Input data below:

lemma has_real_derivative_if_eq_integral:
  fixes u G :: "real \<Rightarrow> real"
  assumes eq: "\<And>t. 0 \<le> t \<Longrightarrow> u t = u 0 + integral {0..t} G"
    and G: "continuous_on {0..} G" and "0 < t"
  shows "(u has_real_derivative G t) (at t)"
proof -
  have "((\<lambda>s. integral {0..s} G) has_vector_derivative G t) (at t within {0..t + 1})"
    by (rule integral_has_vector_derivative) (use \<open>0 < t\<close> in \<open>auto intro: continuous_on_subset[OF G]\<close>)
  moreover have "at t within {0..t + 1} = at t"
    by (rule at_within_interior) (use \<open>0 < t\<close> in auto)
  ultimately have "((\<lambda>s. integral {0..s} G) has_real_derivative G t) (at t)"
    by (simp add: has_real_derivative_iff_has_vector_derivative)
  then have "((\<lambda>s. u 0 + integral {0..s} G) has_real_derivative G t) (at t)"
    using DERIV_add[OF DERIV_const[of "u 0" "at t"]] by simp
  then show ?thesis
  proof (rule has_field_derivative_transform_within_open[where S = "{0<..}"])
    show "u 0 + integral {0..s} G = u s" if "s \<in> {0<..}" for s
      using eq[of s] that by simp
  qed (use \<open>0 < t\<close> in auto)
qed

locale linear_drift_solution =
  fixes f :: "real \<Rightarrow> real measure" and P :: "real \<Rightarrow> real" and c :: real
  assumes prob: "\<And>t. 0 \<le> t \<Longrightarrow> prob_on_interval (f t)"
    and weak_cont: "weak_continuous_on {0..} f"
    and P_cont: "continuous_on {0..} P"
    and weak_eq: "\<And>t \<phi> \<phi>'. 0 \<le> t \<Longrightarrow> \<forall>w. (\<phi> has_real_derivative \<phi>' w) (at w) \<Longrightarrow>
      continuous_on UNIV \<phi>' \<Longrightarrow>
      (\<integral>w. \<phi> w \<partial>f t) = (\<integral>w. \<phi> w \<partial>f 0) + integral {0..t} (\<lambda>s. \<integral>w. \<phi>' w * (P s - c * w) \<partial>f s)"
begin

lemma continuous_on_integral:
  fixes \<phi> :: "real \<Rightarrow> real"
  shows "continuous_on UNIV \<phi> \<Longrightarrow> continuous_on {0..} (\<lambda>t. \<integral>w. \<phi> w \<partial>f t)"
  by (rule weak_cont[unfolded weak_continuous_on_def, rule_format])

lemma integral_has_derivative:
  assumes \<phi>: "\<forall>w. (\<phi> has_real_derivative \<phi>' w) (at w)" "continuous_on UNIV \<phi>'"
    and G: "\<And>s. 0 \<le> s \<Longrightarrow> (\<integral>w. \<phi>' w * (P s - c * w) \<partial>f s) = G s"
    and "continuous_on {0..} G" and "0 < t"
  shows "((\<lambda>t. \<integral>w. \<phi> w \<partial>f t) has_real_derivative G t) (at t)"
proof (rule has_real_derivative_if_eq_integral)
  fix t :: real
  assume "0 \<le> t"
  have "integral {0..t} (\<lambda>s. \<integral>w. \<phi>' w * (P s - c * w) \<partial>f s) = integral {0..t} G"
    by (rule integral_cong) (simp add: G)
  then show "(\<integral>w. \<phi> w \<partial>f t) = (\<integral>w. \<phi> w \<partial>f 0) + integral {0..t} G"
    using weak_eq[OF \<open>0 \<le> t\<close> \<phi>] by simp
qed (fact assms)+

End of Input data.

Keep only the lines of the listing that contain the word "then", and copy them.

  then have "((\<lambda>s. u 0 + integral {0..s} G) has_real_derivative G t) (at t)"
  then show ?thesis
  then show "(\<integral>w. \<phi> w \<partial>f t) = (\<integral>w. \<phi> w \<partial>f 0) + integral {0..t} G"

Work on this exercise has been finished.